厚労省「健康な食事」マークは先送りから使わないへ

September 10, 2015

2015/9/10

コンビニのお弁当や飲食店のメニューで国の基準を満たせば「健康な食事」マーク(つまりシールのこと)をつけられる制度について厚労省が導入を進めていたが多くの反対意見があり、2015年4月導入予定が先送りになっていた。これがついに「使わない」になった(ただし媒体への使用は可)

 

 

 

この制度に関して批判が目立ったのは主食に関してだ。

 

1食当たり300キロカロリー未満で、食物繊維摂取のために「玄米や麦など精製度が低い穀類を2割程度含む」とした事。この基準では白米のみの弁当にはマークが付けられない。
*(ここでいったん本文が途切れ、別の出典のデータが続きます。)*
lemma det_hankel_factor_tail:
  "det (mat m m (\<lambda>(j, c). hankel_factor (int j - int m) (K + 1 + c))) = hankel_tail_prod m K"
proof -
  define f where "f q = ((-1) ^ (q + 1) / fact (2 * q + 1) :: rat)" for q
  define g where "g c = ((-1) ^ (K + 1 + c) * of_nat (K + 1 + c) :: rat)" for c
  define a where "a = (\<lambda>l. of_nat (l + 1) ^ 2 :: rat)"
  define w where "w c = (of_nat (K + 1 + c) ^ 2 :: rat)" for c
  have "hankel_factor (int j - int m) (K + 1 + c) = f (m - Suc j) * g c * newton_poly a (m - 1 - j) (w c)"
    if "j < m" for j c
  proof -
    have shift: "int j - int m = - int (Suc (m - Suc j))"
      using that by simp
    show ?thesis
      unfolding shift hankel_factor_neg_eq_newton_poly by (simp add: f_def g_def a_def w_def)
  qed
  then have entries: "mat m m (\<lambda>(j, c). hankel_factor (int j - int m) (K + 1 + c))
               = mat m m (\<lambda>(j, c). f (m - Suc j) * g c * newton_poly a (m - 1 - j) (w c))"
    by (intro eq_matI) auto
  show ?thesis
    unfolding entries det_mat_scale_rows_cols det_newton_vandermonde prod.nat_diff_reindex
    by (simp add: hankel_tail_prod_def f_def g_def w_def)
qed

lemma det_hankel_factor_shifted:
  "det (mat (K + 1 + m) (K + 1 + m) (\<lambda>(j, k). hankel_factor (int j - int m) k))
     = (-1) ^ ((K + 1) * m) * 2 ^ K * hankel_tail_prod m K"
proof -
  have "det (mat (K + 1 + m) (K + 1 + m) (\<lambda>(j, k). hankel_factor (int j - int m) k))
          = (-1) ^ ((K + 1) * m) * det (mat (K + 1) (K + 1) (\<lambda>(i, k). hankel_factor (int (i + m) - int m) k))
              * det (mat m m (\<lambda>(j, c). hankel_factor (int j - int m) (K + 1 + c)))"
    by (rule det_mat_last_rows_block) (simp add: hankel_factor_nonneg_above_diag)
  also have "det (mat (K + 1) (K + 1) (\<lambda>(i, k). hankel_factor (int (i + m) - int m) k))
               = (\<Prod>i<Suc K. if i = 0 then 1 else 2)"
    by (subst det_mat_lower_triangular) (auto simp: hankel_factor_nonneg_above_diag hankel_factor_nonneg_diag)
  also have "\<dots> = 2 ^ K"
    by (subst prod.lessThan_Suc_shift) simp
  also have "det (mat m m (\<lambda>(j, c). hankel_factor (int j - int m) (K + 1 + c))) = hankel_tail_prod m K"
    by (rule det_hankel_factor_tail)
  finally show ?thesis .
qed
(* Let $k_1,\dots,k_m$ and $r_1,\dots,r_n$ be positive integers. Then $L_{k_1}\times\cdots\times L_{k_m}\equiv L_{r_1}\times\cdots\times L_{r_n}$ if and only if $m=n$ and there is a permutation $\gamma$ of $\{1,\dots,m\}$ with $k_i=r_{\gamma(i)}$ for all $i$ (i.e. the two products consist of exactly the same devices).
   Context: An abstract storage device (ASD) is a pair $D=(\mathcal{S}_D,\mathcal{P}_D)$, $\mathcal{S}_D$ a finite set and $\mathcal{P}_D$ a finite family of partitions of $\mathcal{S}_D$. The kernel of a function $f$ is the partition of its domain into the nonempty fibers $f^{-1}(y)$. The binary linear device $L_n$ has state space $\{0,1\}^n$ and partition set consisting of the kernels of all $\mathbb{F}_2$-linear maps $\{0,1\}^n\to\{0,1\}$. For a partition $\pi$ of $\mathcal{S}'$ and $\phi:\mathcal{S}\to\mathcal{S}'$, $\pi\circ\phi$ is the partition of $\mathcal{S}$ with $x,y$ in the same block iff $\phi(x),\phi(y)$ are in the same block of $\pi$; $\pi\preceq\rho$ means every block of $\pi$ lies in a block of $\rho$. $D\le D'$ means there exist $\phi:\mathcal{S}_D\to\mathcal{S}_{D'}$, $\alpha:\mathcal{P}_D\to\mathcal{P}_{D'}$ with $\alpha(\pi)\circ\phi\preceq\pi$ for all $\pi\in\mathcal{P}_D$; $D\equiv D'$ means $D\le D'$ and $D'\le D$. The direct product $D\times D'$ has state space $\mathcal{S}_D\times\mathcal{S}_{D'}$ and partition set $\{\pi\times\pi':\pi\in\mathcal{P}_D,\pi'\in\mathcal{P}_{D'}\}$ with $\pi\times\pi'=\{B\times B':B\in\pi,B'\in\pi'\}$. *)

theory Defs
  imports Main
begin

text \<open>An abstract storage device: a pair (state set, set of partitions of the state set).\<close>
type_synonym 'a asd = "'a set \<times> 'a set set set"
(* In the contention game with $n=3$ players and $k=2$ channels under acknowledgement-based feedback, the anonymous protocol $f^2$ (in every slot, regardless of history, a pending player transmits on channel 1 with probability $1/2$ and on channel 2 with probability $1/2$, and never stays idle) is an equilibrium protocol, and the expected latency of each player under it is $8/3$.
   Context: Contention game: $n$ players, channel set $K=\{1,\dots,k\}$, discrete time slots $t=1,2,\dots$. Each player has one packet; initially all players are pending. In each slot a pending player chooses (possibly at random) an action in $A=\{0,1,\dots,k\}$, where $0$ means no transmission and $a\in K$ means transmitting on channel $a$. If exactly one player transmits on a channel in a slot, her transmission succeeds and she leaves the game; if two or more transmit on the same channel they collide, all fail and remain pending. $X_{i,t}$ is player $i$'s action at slot $t$ and $h_{i,t}=(X_{i,1},\dots,X_{i,t})$ her personal history. A protocol for player $i$ is a sequence of decision rules, the rule for slot $t$ mapping the information available to $i$ to a probability distribution on $A$. The latency $T_i$ of player $i$ is the slot in which she transmits successfully; each player wants to minimize her expected latency. Acknowledgement-based feedback: after a slot, only a player who attempted transmission learns whether she succeeded; decision rules depend only on the personal history $h_{i,t-1}$. A profile $(f_1,\dots,f_n)$ is an equilibrium if for every player $i$, every slot $t$ and every history, player $i$ cannot decrease her expected latency (conditional on that history) by unilaterally deviating to another protocol from $t$ on. An anonymous protocol is one used by all players whose decision rules do not depend on the player's identity; it is an equilibrium protocol if the profile in which all players use it is an equilibrium. *)

theory Defs
  imports "HOL-Probability.Probability"
begin
lemma lin_ext_L: "lin_ext D (L n) = D n"
  by (rule ext) (simp only: lin_ext_apply supp_L, simp add: L_def)

lemma smul_vv_in_Tens: "smul c (vv i j) \<in> Tens"
proof -
  have "supp (smul c (vv i j)) \<subseteq> {(i, j)}"
    by (auto simp: supp_def smul_def vv_def)
  then show ?thesis
    by (auto simp: Tens_def intro: finite_subset)
qed

lemma sum_vv_apply:
  assumes "finite I"
  shows "(\<Sum>i\<in>I. smul (c i) (vv i (n - i))) (a, b) = (if a \<in> I \<and> b = n - a then c a else 0)"
proof -
  have "(\<Sum>i\<in>I. smul (c i) (vv i (n - i))) (a, b)
      = (\<Sum>i\<in>I. if i = a then (if b = n - a then c a else 0) else 0)"
    unfolding sum_apply smul_def vv_def by (rule sum.cong) auto
  then show ?thesis
    using assms by (simp add: sum.delta')
qed

lemma sum_vv_in_Tens:
  assumes "finite I"
  shows "(\<Sum>i\<in>I. smul (c i) (vv i (n - i))) \<in> Tens"
proof -
  have "supp (\<Sum>i\<in>I. smul (c i) (vv i (n - i))) \<subseteq> (\<lambda>i. (i, n - i)) ` I"
    using assms by (auto simp: supp_def sum_vv_apply split: if_splits)
  then show ?thesis
    using assms by (auto simp: Tens_def intro: finite_subset)
qed

lemma uminus_in_Tens: "u \<in> Tens \<Longrightarrow> - u \<in> Tens"
  by (simp add: Tens_def supp_def)

lemma swap_in_Tens: "u \<in> Tens \<Longrightarrow> u \<circ> prod.swap \<in> Tens"
proof -
  have "supp (u \<circ> prod.swap) = prod.swap ` supp u"
    by (auto simp: supp_def image_iff)
  then show "u \<in> Tens \<Longrightarrow> u \<circ> prod.swap \<in> Tens"
    by (simp add: Tens_def)
qed

lemma vv_swap: "smul c (vv i j) \<circ> prod.swap = smul c (vv j i)"
  by (auto simp: fun_eq_iff smul_def vv_def)

text \<open>The action of \<open>L\<^sub>m\<close>, over an arbitrary commutative ring so that identities
  between integer coefficients transfer to \<open>\<complex>\<close> along \<open>of_int\<close>.\<close>

definition act_basis :: "'a::comm_ring_1 \<Rightarrow> 'a \<Rightarrow> int \<Rightarrow> (int \<times> int \<Rightarrow> 'a) \<Rightarrow> int \<times> int \<Rightarrow> 'a" where
  "act_basis \<alpha> \<beta> m u = (\<lambda>(a, b). - (of_int (a - m) + \<alpha> * of_int m) * u (a - m, b)
                                 - (of_int (b - m) + \<beta> * of_int m) * u (a, b - m))"

lemma act_eq_sum_act_basis: "act \<alpha> \<beta> x u p = (\<Sum>m\<in>supp x. x m * act_basis \<alpha> \<beta> m u p)"
  by (cases p) (simp add: act_def act_basis_def)

lemma act_L: "act \<alpha> \<beta> (L n) u = act_basis \<alpha> \<beta> n u"
  by (rule ext) (simp only: act_eq_sum_act_basis supp_L, simp add: L_def)

lemma act_basis_sum:
  "act_basis \<alpha> \<beta> m (\<lambda>q. \<Sum>n\<in>T. y n * u n q) p = (\<Sum>n\<in>T. y n * act_basis \<alpha> \<beta> m (u n) p)"
  by (cases p) (simp add: act_basis_def sum_distrib_left sum_subtractf[symmetric] algebra_simps)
食物繊維の摂取を穀物だけでというのにも無理があるし、これでは白米が不健康な印象を与えかねない。自民党の会合でも「玄米が2割も占めると白米の生産に影響がでる」との意見が出た。

 

他にも1食650キロカロリー未満というのも、人によって基準が変わるのにおかしくないか?という意見も。80歳の小柄なおばあちゃんと、18歳のラグビー選手のような体型の男子高校生では必要摂取カロリーだって変わってくる事は誰にだってわかる事だ。また「マークのついてない商品が不健康なものに見える」の意見も多かったようだ。

 

 

以前もメルマガでこの件について書かせて頂いたが、この制度については様々な点で「なぜ?」というのが多く、この監修に入った各専門家の判断にも疑問を感じる。そんな様々な反対意見があり今年4月の導入は先送りになったのだ。

 

 

そしてついに昨日、健康な食事マークは厚労省より「使わない」の決定がくだされた。詳細は厚労省のサイトをご覧頂きたいのだが、簡潔に説明すると「個別の商品へマークを貼る事はできないがポスターやHP等には使用できます」という事。

 

 

こちらが、新たに作成された「健康な食事」に関する考えをまとめたリーフレット。

 

 

各省庁から出される文章は本当にややこしくて意味がわかりづらいなーって思う。上記に関しても厚労省のHPにはPDF資料が7つもあり、更に一つ一つの文章の言葉は「推進の参考にされたい」「申し添える」等、読みづらい・・・。ただでさえ小難しい健康業界なのだから、日常的で国民全員が理解しやすい言葉で表現してくれればいいのに。かっこつけずにさ。

 

健康の食事マークは、食品業界に影響を与えるだろうと当初言われていたが、様々な物議をかもした末に、安全パイなところでまとまったようだ。当初の予定通りコンビニやスーパーのお弁当に健康な食事マークが貼られるのなら消費者への浸透も早かったと思うがそれができなくなった今、浸透も遅そうだ。

 

農林水産省のフードアクションニッポンのマークは当初はそこまで見かけなかったものの、時間をおいて様々な場面で見かけるようになり浸透してきた感がある。そう思うと健康な食事マークも時間をおいてジワジワと浸透していくのかもしれない。個人的にはフードアクションニッポンのマークはかわいいし、サイトもわかりやすいし親しみやすくて好きだなー。